*Work instruction*
How many of the lines below contain "fastforce"? Reply with only that figure.

*Recorded data*
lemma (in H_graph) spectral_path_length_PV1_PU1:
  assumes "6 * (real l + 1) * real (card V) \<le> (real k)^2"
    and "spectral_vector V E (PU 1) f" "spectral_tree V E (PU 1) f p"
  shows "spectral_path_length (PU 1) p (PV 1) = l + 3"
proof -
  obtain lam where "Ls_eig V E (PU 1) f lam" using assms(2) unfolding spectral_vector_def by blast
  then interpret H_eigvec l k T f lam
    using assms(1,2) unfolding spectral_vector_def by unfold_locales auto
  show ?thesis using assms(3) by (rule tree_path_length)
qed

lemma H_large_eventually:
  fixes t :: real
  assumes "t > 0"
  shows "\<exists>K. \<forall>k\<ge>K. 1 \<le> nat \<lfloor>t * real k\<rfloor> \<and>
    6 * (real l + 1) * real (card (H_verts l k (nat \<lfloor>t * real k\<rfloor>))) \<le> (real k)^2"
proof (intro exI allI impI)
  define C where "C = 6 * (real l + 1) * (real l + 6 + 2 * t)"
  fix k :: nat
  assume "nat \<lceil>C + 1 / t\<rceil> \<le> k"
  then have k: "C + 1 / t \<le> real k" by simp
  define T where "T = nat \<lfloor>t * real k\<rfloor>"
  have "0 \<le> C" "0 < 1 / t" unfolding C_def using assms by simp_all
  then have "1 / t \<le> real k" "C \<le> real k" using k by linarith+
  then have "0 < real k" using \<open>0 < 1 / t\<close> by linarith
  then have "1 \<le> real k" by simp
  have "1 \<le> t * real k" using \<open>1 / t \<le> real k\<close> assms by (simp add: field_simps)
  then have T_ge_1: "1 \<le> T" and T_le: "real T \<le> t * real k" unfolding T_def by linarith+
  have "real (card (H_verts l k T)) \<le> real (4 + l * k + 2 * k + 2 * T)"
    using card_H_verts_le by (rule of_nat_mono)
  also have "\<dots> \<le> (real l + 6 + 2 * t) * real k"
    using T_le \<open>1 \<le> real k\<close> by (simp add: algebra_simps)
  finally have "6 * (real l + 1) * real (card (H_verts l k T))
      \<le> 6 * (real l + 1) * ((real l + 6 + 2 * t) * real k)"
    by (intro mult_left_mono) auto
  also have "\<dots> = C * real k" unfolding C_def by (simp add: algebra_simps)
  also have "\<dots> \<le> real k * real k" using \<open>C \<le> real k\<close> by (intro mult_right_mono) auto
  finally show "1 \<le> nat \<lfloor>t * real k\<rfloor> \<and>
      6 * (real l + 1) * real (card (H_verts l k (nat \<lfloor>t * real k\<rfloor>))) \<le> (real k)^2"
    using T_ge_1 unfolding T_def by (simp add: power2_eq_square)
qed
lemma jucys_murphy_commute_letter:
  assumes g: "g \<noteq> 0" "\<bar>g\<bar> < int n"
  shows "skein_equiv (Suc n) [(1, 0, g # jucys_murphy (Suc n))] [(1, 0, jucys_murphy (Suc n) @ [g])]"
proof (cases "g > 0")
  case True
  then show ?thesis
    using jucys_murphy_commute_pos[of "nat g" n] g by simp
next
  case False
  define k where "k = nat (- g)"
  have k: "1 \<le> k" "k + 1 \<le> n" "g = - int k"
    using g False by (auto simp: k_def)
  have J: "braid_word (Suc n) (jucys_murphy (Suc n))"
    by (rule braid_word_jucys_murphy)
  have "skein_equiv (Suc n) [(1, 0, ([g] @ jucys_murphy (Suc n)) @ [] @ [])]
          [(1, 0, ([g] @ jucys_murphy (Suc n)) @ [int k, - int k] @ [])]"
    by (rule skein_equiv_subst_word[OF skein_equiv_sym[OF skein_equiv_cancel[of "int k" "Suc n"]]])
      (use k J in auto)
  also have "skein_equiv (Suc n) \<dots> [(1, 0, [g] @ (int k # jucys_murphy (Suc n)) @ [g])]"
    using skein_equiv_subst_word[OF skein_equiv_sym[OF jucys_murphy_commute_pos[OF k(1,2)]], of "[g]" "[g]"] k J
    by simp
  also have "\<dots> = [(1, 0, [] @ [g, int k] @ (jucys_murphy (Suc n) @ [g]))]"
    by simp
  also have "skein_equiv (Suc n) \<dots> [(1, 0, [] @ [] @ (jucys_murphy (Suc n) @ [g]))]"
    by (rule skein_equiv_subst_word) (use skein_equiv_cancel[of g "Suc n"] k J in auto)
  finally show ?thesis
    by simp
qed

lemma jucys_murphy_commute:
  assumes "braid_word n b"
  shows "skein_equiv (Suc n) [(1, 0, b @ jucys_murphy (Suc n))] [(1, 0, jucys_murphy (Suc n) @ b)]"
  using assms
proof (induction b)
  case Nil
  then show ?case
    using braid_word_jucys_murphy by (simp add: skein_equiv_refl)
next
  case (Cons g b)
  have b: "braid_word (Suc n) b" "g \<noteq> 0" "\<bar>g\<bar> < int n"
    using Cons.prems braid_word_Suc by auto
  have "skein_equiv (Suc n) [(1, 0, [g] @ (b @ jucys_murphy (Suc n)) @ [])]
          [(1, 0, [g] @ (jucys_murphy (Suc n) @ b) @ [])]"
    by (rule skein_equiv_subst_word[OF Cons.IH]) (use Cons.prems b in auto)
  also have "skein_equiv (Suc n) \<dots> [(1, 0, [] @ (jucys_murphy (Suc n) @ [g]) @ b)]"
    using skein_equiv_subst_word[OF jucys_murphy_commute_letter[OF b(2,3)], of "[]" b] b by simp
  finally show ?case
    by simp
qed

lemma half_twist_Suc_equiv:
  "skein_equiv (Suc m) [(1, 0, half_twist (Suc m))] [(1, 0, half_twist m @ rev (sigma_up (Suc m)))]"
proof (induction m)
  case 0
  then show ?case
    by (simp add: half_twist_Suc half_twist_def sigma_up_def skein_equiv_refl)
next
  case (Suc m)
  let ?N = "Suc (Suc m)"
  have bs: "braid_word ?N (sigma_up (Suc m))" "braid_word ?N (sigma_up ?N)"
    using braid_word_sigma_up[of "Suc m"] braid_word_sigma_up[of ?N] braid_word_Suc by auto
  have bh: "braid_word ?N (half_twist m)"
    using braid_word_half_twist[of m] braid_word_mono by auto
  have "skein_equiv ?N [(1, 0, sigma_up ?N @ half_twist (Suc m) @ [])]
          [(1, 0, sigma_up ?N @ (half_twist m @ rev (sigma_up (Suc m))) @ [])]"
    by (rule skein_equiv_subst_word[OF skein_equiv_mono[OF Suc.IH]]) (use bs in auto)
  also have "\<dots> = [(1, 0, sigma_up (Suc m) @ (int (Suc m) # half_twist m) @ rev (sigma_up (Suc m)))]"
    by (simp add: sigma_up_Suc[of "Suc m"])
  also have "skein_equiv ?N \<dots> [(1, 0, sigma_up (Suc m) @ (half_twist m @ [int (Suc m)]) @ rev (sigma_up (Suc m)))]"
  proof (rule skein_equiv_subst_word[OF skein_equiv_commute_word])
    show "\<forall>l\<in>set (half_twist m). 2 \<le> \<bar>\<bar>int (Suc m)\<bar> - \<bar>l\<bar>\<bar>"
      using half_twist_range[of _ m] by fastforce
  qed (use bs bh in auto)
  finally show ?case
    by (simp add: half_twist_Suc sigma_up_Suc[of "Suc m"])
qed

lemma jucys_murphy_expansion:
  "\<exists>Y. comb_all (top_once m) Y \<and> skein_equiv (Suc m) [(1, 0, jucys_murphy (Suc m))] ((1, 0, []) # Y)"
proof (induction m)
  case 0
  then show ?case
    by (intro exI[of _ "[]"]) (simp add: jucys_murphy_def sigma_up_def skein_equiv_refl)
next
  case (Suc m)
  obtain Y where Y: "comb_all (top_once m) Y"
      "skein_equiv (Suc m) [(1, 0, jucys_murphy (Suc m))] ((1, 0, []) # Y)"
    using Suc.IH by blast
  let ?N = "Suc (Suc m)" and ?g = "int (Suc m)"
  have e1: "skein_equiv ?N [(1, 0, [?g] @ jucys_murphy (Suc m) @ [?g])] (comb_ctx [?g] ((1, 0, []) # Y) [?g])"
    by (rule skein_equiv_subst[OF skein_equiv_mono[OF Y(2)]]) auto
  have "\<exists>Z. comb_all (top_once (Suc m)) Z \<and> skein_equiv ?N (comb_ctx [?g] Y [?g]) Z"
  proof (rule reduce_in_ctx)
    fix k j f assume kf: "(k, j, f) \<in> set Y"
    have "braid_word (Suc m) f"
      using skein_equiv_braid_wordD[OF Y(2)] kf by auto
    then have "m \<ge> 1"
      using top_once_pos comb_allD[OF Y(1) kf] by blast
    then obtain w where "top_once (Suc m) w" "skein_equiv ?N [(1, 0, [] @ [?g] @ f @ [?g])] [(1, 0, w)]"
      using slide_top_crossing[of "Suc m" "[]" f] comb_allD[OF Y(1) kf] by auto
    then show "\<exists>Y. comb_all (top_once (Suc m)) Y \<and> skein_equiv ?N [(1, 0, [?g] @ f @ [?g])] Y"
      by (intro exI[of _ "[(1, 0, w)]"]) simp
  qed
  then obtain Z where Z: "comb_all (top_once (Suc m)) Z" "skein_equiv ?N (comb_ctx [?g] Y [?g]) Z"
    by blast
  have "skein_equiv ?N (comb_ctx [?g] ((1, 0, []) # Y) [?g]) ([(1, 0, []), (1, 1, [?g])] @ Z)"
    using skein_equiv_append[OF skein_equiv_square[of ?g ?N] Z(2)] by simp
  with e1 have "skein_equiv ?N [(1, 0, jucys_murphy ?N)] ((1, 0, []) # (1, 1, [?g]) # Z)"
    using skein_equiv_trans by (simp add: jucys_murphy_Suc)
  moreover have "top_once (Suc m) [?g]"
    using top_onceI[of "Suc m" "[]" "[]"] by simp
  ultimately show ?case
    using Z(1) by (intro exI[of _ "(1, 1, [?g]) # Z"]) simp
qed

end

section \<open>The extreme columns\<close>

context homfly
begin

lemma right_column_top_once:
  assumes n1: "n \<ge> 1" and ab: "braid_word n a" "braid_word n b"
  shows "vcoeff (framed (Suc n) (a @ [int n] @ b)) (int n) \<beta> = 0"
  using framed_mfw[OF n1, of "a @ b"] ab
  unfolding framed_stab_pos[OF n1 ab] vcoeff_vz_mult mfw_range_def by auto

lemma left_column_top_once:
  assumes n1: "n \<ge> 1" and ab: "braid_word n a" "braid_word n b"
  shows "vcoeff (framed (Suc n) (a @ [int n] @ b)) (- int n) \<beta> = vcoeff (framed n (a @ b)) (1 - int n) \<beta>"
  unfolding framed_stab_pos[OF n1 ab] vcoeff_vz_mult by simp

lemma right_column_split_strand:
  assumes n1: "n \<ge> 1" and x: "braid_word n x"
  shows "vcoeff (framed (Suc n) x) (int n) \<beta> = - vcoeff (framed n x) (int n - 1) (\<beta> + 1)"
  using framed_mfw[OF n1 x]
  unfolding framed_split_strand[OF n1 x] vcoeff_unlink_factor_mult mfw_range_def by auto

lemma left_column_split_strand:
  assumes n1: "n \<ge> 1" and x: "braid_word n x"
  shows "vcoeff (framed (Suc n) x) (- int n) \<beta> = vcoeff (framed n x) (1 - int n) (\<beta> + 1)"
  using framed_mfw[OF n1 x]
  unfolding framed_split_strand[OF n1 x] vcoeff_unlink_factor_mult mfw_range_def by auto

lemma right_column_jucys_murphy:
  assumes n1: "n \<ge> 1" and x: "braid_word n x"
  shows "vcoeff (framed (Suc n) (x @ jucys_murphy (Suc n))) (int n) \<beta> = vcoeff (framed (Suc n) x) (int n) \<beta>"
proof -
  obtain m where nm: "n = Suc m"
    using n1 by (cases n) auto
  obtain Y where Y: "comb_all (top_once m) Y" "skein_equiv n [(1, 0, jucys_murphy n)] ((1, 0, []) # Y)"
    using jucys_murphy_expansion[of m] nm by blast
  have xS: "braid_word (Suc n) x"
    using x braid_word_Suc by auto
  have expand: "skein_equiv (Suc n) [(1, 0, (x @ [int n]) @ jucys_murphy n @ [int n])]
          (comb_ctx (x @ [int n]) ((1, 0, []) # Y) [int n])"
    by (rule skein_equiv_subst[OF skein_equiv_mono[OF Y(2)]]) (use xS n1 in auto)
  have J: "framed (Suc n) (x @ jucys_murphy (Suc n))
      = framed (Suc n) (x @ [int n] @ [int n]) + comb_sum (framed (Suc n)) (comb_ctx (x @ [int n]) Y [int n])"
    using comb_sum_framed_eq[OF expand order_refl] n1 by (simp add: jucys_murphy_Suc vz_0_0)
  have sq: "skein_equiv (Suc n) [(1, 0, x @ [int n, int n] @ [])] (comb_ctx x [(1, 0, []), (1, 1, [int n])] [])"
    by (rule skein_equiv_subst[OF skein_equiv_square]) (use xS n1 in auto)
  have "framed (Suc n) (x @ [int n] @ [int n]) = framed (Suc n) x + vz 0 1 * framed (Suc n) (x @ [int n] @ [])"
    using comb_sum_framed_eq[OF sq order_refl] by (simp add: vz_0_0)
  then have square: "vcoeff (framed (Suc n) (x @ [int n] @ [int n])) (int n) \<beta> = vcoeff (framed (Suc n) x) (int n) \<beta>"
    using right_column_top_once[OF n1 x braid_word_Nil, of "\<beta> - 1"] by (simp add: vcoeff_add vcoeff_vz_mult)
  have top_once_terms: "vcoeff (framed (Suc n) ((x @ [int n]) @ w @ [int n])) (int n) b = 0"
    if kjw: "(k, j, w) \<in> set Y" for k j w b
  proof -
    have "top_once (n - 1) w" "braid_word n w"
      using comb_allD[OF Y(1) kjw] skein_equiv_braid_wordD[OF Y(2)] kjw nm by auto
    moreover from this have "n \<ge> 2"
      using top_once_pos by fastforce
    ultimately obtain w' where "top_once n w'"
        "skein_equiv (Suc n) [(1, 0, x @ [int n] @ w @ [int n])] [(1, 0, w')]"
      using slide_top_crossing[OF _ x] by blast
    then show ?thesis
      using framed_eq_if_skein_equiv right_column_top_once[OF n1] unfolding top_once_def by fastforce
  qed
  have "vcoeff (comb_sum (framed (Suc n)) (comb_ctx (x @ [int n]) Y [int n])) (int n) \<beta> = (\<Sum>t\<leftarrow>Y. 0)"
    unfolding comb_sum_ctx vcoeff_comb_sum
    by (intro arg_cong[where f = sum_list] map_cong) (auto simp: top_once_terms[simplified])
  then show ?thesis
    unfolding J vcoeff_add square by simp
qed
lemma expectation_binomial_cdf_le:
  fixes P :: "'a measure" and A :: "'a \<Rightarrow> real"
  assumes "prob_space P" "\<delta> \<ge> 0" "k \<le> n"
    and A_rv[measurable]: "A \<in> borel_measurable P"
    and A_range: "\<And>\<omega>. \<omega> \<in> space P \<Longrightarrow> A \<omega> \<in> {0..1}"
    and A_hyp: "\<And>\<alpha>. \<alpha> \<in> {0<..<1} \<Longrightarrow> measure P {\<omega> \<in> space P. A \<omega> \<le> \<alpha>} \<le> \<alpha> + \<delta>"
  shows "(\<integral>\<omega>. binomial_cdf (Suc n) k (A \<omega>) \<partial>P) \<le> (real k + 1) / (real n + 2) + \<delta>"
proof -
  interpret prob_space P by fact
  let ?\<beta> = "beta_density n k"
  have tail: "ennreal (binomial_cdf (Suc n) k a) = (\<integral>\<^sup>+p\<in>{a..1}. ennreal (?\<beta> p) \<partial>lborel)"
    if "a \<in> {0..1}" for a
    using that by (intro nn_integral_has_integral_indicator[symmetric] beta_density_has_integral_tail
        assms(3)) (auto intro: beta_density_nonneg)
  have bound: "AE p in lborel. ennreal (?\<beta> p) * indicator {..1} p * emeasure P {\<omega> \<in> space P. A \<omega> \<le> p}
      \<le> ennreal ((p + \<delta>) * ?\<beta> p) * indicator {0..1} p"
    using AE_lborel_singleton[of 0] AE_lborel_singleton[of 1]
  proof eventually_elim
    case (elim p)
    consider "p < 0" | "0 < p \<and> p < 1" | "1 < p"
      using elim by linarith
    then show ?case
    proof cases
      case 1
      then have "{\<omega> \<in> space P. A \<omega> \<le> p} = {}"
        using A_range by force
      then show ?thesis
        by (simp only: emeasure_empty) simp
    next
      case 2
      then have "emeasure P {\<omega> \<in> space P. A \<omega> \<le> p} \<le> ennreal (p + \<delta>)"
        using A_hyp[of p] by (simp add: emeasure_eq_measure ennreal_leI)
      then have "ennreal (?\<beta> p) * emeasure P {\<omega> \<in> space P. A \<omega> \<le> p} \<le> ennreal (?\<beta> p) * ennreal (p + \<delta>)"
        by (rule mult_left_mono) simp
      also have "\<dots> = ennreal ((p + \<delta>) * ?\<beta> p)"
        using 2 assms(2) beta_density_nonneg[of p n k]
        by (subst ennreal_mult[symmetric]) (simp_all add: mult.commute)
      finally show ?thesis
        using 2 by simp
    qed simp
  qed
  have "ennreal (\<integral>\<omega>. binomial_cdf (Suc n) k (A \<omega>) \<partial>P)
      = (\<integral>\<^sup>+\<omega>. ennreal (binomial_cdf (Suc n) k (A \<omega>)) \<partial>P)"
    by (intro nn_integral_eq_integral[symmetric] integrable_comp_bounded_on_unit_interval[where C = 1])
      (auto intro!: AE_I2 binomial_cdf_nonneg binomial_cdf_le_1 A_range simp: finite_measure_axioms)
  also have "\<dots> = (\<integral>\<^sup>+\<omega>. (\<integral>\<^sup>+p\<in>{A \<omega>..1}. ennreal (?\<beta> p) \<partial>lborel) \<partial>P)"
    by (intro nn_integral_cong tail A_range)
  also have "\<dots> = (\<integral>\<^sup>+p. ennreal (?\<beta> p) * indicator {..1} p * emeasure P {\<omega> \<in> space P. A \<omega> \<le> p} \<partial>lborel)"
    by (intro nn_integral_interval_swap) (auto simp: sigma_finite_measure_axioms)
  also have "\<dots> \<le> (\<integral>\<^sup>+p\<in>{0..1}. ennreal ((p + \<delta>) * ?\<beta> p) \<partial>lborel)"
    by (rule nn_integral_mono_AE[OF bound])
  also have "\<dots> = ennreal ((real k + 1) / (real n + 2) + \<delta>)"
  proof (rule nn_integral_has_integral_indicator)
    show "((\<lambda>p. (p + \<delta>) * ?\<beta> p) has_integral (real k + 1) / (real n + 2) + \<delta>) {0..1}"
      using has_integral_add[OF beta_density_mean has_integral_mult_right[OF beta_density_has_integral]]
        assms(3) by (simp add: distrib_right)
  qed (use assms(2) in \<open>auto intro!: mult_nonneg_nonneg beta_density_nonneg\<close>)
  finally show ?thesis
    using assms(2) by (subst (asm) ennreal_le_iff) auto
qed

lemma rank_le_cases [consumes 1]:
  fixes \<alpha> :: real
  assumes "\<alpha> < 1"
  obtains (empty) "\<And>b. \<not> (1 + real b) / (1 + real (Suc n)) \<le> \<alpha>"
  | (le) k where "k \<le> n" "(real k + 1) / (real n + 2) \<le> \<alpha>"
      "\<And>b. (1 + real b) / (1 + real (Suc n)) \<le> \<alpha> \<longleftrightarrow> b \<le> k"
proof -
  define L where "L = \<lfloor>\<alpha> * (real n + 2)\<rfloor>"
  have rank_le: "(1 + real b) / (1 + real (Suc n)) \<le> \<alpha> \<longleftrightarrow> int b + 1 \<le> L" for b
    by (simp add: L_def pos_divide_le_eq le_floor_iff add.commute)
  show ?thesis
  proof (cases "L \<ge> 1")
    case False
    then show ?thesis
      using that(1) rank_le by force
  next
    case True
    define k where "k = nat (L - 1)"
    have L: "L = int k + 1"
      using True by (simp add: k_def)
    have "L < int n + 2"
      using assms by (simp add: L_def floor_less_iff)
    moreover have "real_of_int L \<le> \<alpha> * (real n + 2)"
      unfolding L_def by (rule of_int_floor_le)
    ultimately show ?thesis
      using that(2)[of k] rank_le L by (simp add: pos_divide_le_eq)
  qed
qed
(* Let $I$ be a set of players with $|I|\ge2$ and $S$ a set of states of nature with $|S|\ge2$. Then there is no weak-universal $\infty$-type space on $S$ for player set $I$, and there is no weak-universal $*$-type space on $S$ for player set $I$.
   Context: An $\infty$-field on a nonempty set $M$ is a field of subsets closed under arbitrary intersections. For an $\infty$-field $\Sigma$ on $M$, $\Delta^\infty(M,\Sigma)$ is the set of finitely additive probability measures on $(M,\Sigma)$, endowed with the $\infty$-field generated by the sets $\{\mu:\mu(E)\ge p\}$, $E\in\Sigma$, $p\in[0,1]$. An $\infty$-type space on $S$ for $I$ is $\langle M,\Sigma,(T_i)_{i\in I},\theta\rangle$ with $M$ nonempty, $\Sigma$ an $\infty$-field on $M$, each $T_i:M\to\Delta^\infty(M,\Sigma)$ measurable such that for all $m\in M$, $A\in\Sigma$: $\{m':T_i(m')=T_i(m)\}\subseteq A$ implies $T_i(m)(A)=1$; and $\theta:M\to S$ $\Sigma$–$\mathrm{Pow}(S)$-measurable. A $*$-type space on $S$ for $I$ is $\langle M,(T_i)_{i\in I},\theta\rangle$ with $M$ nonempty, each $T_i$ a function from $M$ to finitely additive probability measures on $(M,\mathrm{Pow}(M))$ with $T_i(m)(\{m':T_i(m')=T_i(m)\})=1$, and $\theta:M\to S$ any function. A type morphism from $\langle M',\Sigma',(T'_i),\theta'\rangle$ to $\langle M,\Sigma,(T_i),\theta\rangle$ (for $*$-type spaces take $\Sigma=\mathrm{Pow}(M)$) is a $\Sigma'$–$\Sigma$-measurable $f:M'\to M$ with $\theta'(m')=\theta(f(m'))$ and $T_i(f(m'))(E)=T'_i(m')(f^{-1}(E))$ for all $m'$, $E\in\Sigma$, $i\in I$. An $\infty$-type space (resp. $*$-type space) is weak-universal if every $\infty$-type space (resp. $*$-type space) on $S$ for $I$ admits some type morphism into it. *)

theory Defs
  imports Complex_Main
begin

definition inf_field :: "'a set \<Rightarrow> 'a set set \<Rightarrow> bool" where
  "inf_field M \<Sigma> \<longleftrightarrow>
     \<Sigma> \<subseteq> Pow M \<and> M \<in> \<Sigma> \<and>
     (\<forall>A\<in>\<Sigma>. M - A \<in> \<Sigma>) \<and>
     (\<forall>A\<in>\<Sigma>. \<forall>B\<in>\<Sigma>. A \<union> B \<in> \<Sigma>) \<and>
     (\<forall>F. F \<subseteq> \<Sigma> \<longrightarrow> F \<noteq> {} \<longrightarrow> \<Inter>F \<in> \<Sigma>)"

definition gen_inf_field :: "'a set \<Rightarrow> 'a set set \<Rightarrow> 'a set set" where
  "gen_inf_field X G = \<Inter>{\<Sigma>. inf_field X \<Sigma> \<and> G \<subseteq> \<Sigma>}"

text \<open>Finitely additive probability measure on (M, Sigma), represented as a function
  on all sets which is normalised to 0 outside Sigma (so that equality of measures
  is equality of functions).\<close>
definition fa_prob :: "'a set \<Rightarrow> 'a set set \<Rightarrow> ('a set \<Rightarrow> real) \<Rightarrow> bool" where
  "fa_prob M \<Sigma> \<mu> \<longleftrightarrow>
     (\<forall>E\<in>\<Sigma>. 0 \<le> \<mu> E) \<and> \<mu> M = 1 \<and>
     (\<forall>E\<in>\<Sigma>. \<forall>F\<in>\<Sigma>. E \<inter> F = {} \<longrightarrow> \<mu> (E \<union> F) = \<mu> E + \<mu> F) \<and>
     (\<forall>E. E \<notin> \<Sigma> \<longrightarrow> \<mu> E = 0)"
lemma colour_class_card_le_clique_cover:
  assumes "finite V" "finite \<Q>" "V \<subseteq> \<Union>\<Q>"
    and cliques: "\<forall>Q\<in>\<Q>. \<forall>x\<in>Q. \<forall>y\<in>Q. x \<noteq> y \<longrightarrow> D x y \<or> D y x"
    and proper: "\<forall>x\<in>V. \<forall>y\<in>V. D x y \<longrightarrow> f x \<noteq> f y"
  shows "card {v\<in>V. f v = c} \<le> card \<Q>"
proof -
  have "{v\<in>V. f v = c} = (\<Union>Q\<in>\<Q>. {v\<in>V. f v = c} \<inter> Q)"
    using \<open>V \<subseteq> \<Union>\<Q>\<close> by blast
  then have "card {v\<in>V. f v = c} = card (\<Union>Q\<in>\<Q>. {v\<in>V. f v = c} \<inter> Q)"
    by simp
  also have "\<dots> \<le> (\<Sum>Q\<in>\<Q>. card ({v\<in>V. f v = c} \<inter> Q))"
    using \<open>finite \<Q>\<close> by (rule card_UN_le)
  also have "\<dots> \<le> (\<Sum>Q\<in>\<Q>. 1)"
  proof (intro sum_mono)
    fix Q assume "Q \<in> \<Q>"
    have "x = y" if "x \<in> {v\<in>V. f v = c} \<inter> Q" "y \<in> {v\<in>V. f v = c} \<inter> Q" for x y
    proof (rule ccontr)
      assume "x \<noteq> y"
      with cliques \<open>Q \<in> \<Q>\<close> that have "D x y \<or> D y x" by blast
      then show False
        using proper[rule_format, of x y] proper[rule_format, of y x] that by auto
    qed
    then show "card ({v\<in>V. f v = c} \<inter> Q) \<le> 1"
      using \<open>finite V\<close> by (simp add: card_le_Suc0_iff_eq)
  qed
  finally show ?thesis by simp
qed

*Solution to the problem*
3